*** Provided records Section Begins ***

lemma solves_iff_parametrization:
  assumes consistent: "U * G *\<^sub>v b = b"
  shows "solves A \<longleftrightarrow> (\<forall>i<k. A i \<in> carrier_mat n n) \<and>
    (\<exists>y \<in> carrier_vec (k * r). \<forall>i<k. vecm (A i) = Pmat n r S *\<^sub>v
      (kron (unit_row k (k - i)) (1\<^sub>m r) *\<^sub>v (G *\<^sub>v b + (1\<^sub>m (k * r) - G * U) *\<^sub>v y)))"
proof -
  note solutions = generalized_inverse_solutions[OF U_carrier G generalized_inverse b_carrier consistent]
  have "solves A \<longleftrightarrow>
      (\<exists>y \<in> carrier_vec (k * r). \<forall>i<k. A i = coeffs (G *\<^sub>v b + (1\<^sub>m (k * r) - G * U) *\<^sub>v y) i)"
    unfolding solves_iff_stack
  proof
    assume "\<exists>z \<in> carrier_vec (k * r). U *\<^sub>v z = b \<and> (\<forall>i<k. A i = coeffs z i)"
    then obtain z where "z \<in> carrier_vec (k * r)" "U *\<^sub>v z = b" and A: "\<forall>i<k. A i = coeffs z i"
      by blast
    moreover from solutions[of z] this obtain y where "y \<in> carrier_vec (k * r)"
      and "z = G *\<^sub>v b + (1\<^sub>m (k * r) - G * U) *\<^sub>v y" by blast
    ultimately show "\<exists>y \<in> carrier_vec (k * r).
      \<forall>i<k. A i = coeffs (G *\<^sub>v b + (1\<^sub>m (k * r) - G * U) *\<^sub>v y) i" by blast
  next
    assume "\<exists>y \<in> carrier_vec (k * r).
      \<forall>i<k. A i = coeffs (G *\<^sub>v b + (1\<^sub>m (k * r) - G * U) *\<^sub>v y) i"
    thus "\<exists>z \<in> carrier_vec (k * r). U *\<^sub>v z = b \<and> (\<forall>i<k. A i = coeffs z i)"
      using solutions by blast
  qed
  also have "\<dots> \<longleftrightarrow> (\<exists>y \<in> carrier_vec (k * r). (\<forall>i<k. A i \<in> carrier_mat n n) \<and>
      (\<forall>i<k. vecm (A i) = Pmat n r S *\<^sub>v
        (kron (unit_row k (k - i)) (1\<^sub>m r) *\<^sub>v (G *\<^sub>v b + (1\<^sub>m (k * r) - G * U) *\<^sub>v y))))"
  proof (rule bex_cong[OF refl])
    fix y :: "real vec" assume "y \<in> carrier_vec (k * r)"
    hence "G *\<^sub>v b + (1\<^sub>m (k * r) - G * U) *\<^sub>v y \<in> carrier_vec (k * r)" using solutions by blast
    thus "(\<forall>i<k. A i = coeffs (G *\<^sub>v b + (1\<^sub>m (k * r) - G * U) *\<^sub>v y) i) \<longleftrightarrow>
      (\<forall>i<k. A i \<in> carrier_mat n n) \<and> (\<forall>i<k. vecm (A i) = Pmat n r S *\<^sub>v
        (kron (unit_row k (k - i)) (1\<^sub>m r) *\<^sub>v (G *\<^sub>v b + (1\<^sub>m (k * r) - G * U) *\<^sub>v y)))"
      by (rule vecm_eq_iff_coeffs[symmetric])
  qed
  finally show ?thesis by blast
qed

*** Provided records Section Ends ***

## Instructions to follow
Pull out the lines above in which the word "have" appears.

## Exercise response
  have "solves A \<longleftrightarrow>
  also have "\<dots> \<longleftrightarrow> (\<exists>y \<in> carrier_vec (k * r). (\<forall>i<k. A i \<in> carrier_mat n n) \<and>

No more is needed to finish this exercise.